■ Task details: Repeat the whole of the data, keeping every detail the same.

■ Record set:

lemma prox_nonneg_quadratic_growth:
  fixes \<eta> a z t :: real
  assumes "\<eta> > 0" "t \<ge> 0"
  defines "s \<equiv> max 0 (z - \<eta> * a)"
  shows "a * s + (s - z)\<^sup>2 / (2 * \<eta>) + (t - s)\<^sup>2 / (2 * \<eta>) \<le> a * t + (t - z)\<^sup>2 / (2 * \<eta>)"
proof -
  define w where "w = z - \<eta> * a"
  have a: "a = (z - w) / \<eta>" using assms(1) unfolding w_def by simp
  have "a * t + (t - z)\<^sup>2 / (2 * \<eta>) - (a * s + (s - z)\<^sup>2 / (2 * \<eta>) + (t - s)\<^sup>2 / (2 * \<eta>))
      = (t - s) * (s - w) / \<eta>"
    unfolding a using assms(1) by (simp add: field_simps power2_eq_square)
  moreover have "0 \<le> (t - s) * (s - w) / \<eta>"
    using max0_variational[OF assms(2), of w] assms(1) unfolding s_def w_def
    by (simp add: algebra_simps)
  ultimately show ?thesis by linarith
qed

lemma norm_pow_2_vec: "(norm x)\<^sup>2 = (\<Sum>i\<in>UNIV. (x $ i)\<^sup>2)" for x :: "real ^ 'n"
  by (simp only: power2_norm_eq_inner) (simp add: inner_vec_def power2_eq_square)

lemma pospart_nonneg_orthant: "pospart a \<in> nonneg_orthant"
  by (simp add: pospart_def nonneg_orthant_def)

lemma pospart_scaleR: "c \<ge> 0 \<Longrightarrow> pospart (c *\<^sub>R a) = c *\<^sub>R pospart a"
  by (simp add: pospart_def vec_eq_iff max_mult_distrib_left)

lemma l1norm_nonneg_orthant: "a \<in> nonneg_orthant \<Longrightarrow> l1norm a = inner ones a"
  by (simp add: l1norm_def nonneg_orthant_def inner_vec_def ones_def)

lemma l1norm_eq_0_iff: "l1norm a = 0 \<longleftrightarrow> a = 0"
  by (simp add: l1norm_def sum_nonneg_eq_0_iff vec_eq_iff)

lemma gmap_scaleR: "c > 0 \<Longrightarrow> gmap xbar (c *\<^sub>R a) = gmap xbar a"
  by (simp add: gmap_def l1norm_def abs_mult sum_distrib_left[symmetric])

lemma inner_payoff_gmap:
  assumes "\<theta> \<in> nonneg_orthant"
  shows "inner \<theta> (payoff (gmap xbar \<theta>) l) = 0"
proof (cases "\<theta> = 0")
  case False
  then have "l1norm \<theta> \<noteq> 0" by (simp add: l1norm_eq_0_iff)
  then show ?thesis
    using False l1norm_nonneg_orthant[OF assms]
    by (simp add: gmap_def payoff_def inner_diff_right inner_commute)
qed simp

lemma two_inner_sub_norm_le_norm_pospart:
  assumes "y \<in> nonneg_orthant"
  shows "2 * inner r y - (norm y)\<^sup>2 \<le> (norm (pospart r))\<^sup>2"
proof -
  have "(\<Sum>i\<in>UNIV. 2 * r $ i * y $ i - (y $ i)\<^sup>2) \<le> (\<Sum>i\<in>UNIV. (max 0 (r $ i))\<^sup>2)"
    using assms by (intro sum_mono two_mult_sub_sq_le_pos_sq) (simp add: nonneg_orthant_def)
  then show ?thesis
    by (simp add: norm_pow_2_vec inner_vec_def pospart_def sum_subtractf sum_distrib_left mult.assoc)
qed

■ Task output:
lemma prox_nonneg_quadratic_growth:
  fixes \<eta> a z t :: real
  assumes "\<eta> > 0" "t \<ge> 0"
  defines "s \<equiv> max 0 (z - \<eta> * a)"
  shows "a * s + (s - z)\<^sup>2 / (2 * \<eta>) + (t - s)\<^sup>2 / (2 * \<eta>) \<le> a * t + (t - z)\<^sup>2 / (2 * \<eta>)"
proof -
  define w where "w = z - \<eta> * a"
  have a: "a = (z - w) / \<eta>" using assms(1) unfolding w_def by simp
  have "a * t + (t - z)\<^sup>2 / (2 * \<eta>) - (a * s + (s - z)\<^sup>2 / (2 * \<eta>) + (t - s)\<^sup>2 / (2 * \<eta>))
      = (t - s) * (s - w) / \<eta>"
    unfolding a using assms(1) by (simp add: field_simps power2_eq_square)
  moreover have "0 \<le> (t - s) * (s - w) / \<eta>"
    using max0_variational[OF assms(2), of w] assms(1) unfolding s_def w_def
    by (simp add: algebra_simps)
  ultimately show ?thesis by linarith
qed

lemma norm_pow_2_vec: "(norm x)\<^sup>2 = (\<Sum>i\<in>UNIV. (x $ i)\<^sup>2)" for x :: "real ^ 'n"
  by (simp only: power2_norm_eq_inner) (simp add: inner_vec_def power2_eq_square)

lemma pospart_nonneg_orthant: "pospart a \<in> nonneg_orthant"
  by (simp add: pospart_def nonneg_orthant_def)

lemma pospart_scaleR: "c \<ge> 0 \<Longrightarrow> pospart (c *\<^sub>R a) = c *\<^sub>R pospart a"
  by (simp add: pospart_def vec_eq_iff max_mult_distrib_left)

lemma l1norm_nonneg_orthant: "a \<in> nonneg_orthant \<Longrightarrow> l1norm a = inner ones a"
  by (simp add: l1norm_def nonneg_orthant_def inner_vec_def ones_def)

lemma l1norm_eq_0_iff: "l1norm a = 0 \<longleftrightarrow> a = 0"
  by (simp add: l1norm_def sum_nonneg_eq_0_iff vec_eq_iff)

lemma gmap_scaleR: "c > 0 \<Longrightarrow> gmap xbar (c *\<^sub>R a) = gmap xbar a"
  by (simp add: gmap_def l1norm_def abs_mult sum_distrib_left[symmetric])

lemma inner_payoff_gmap:
  assumes "\<theta> \<in> nonneg_orthant"
  shows "inner \<theta> (payoff (gmap xbar \<theta>) l) = 0"
proof (cases "\<theta> = 0")
  case False
  then have "l1norm \<theta> \<noteq> 0" by (simp add: l1norm_eq_0_iff)
  then show ?thesis
    using False l1norm_nonneg_orthant[OF assms]
    by (simp add: gmap_def payoff_def inner_diff_right inner_commute)
qed simp

lemma two_inner_sub_norm_le_norm_pospart:
  assumes "y \<in> nonneg_orthant"
  shows "2 * inner r y - (norm y)\<^sup>2 \<le> (norm (pospart r))\<^sup>2"
proof -
  have "(\<Sum>i\<in>UNIV. 2 * r $ i * y $ i - (y $ i)\<^sup>2) \<le> (\<Sum>i\<in>UNIV. (max 0 (r $ i))\<^sup>2)"
    using assms by (intro sum_mono two_mult_sub_sq_le_pos_sq) (simp add: nonneg_orthant_def)
  then show ?thesis
    by (simp add: norm_pow_2_vec inner_vec_def pospart_def sum_subtractf sum_distrib_left mult.assoc)
qed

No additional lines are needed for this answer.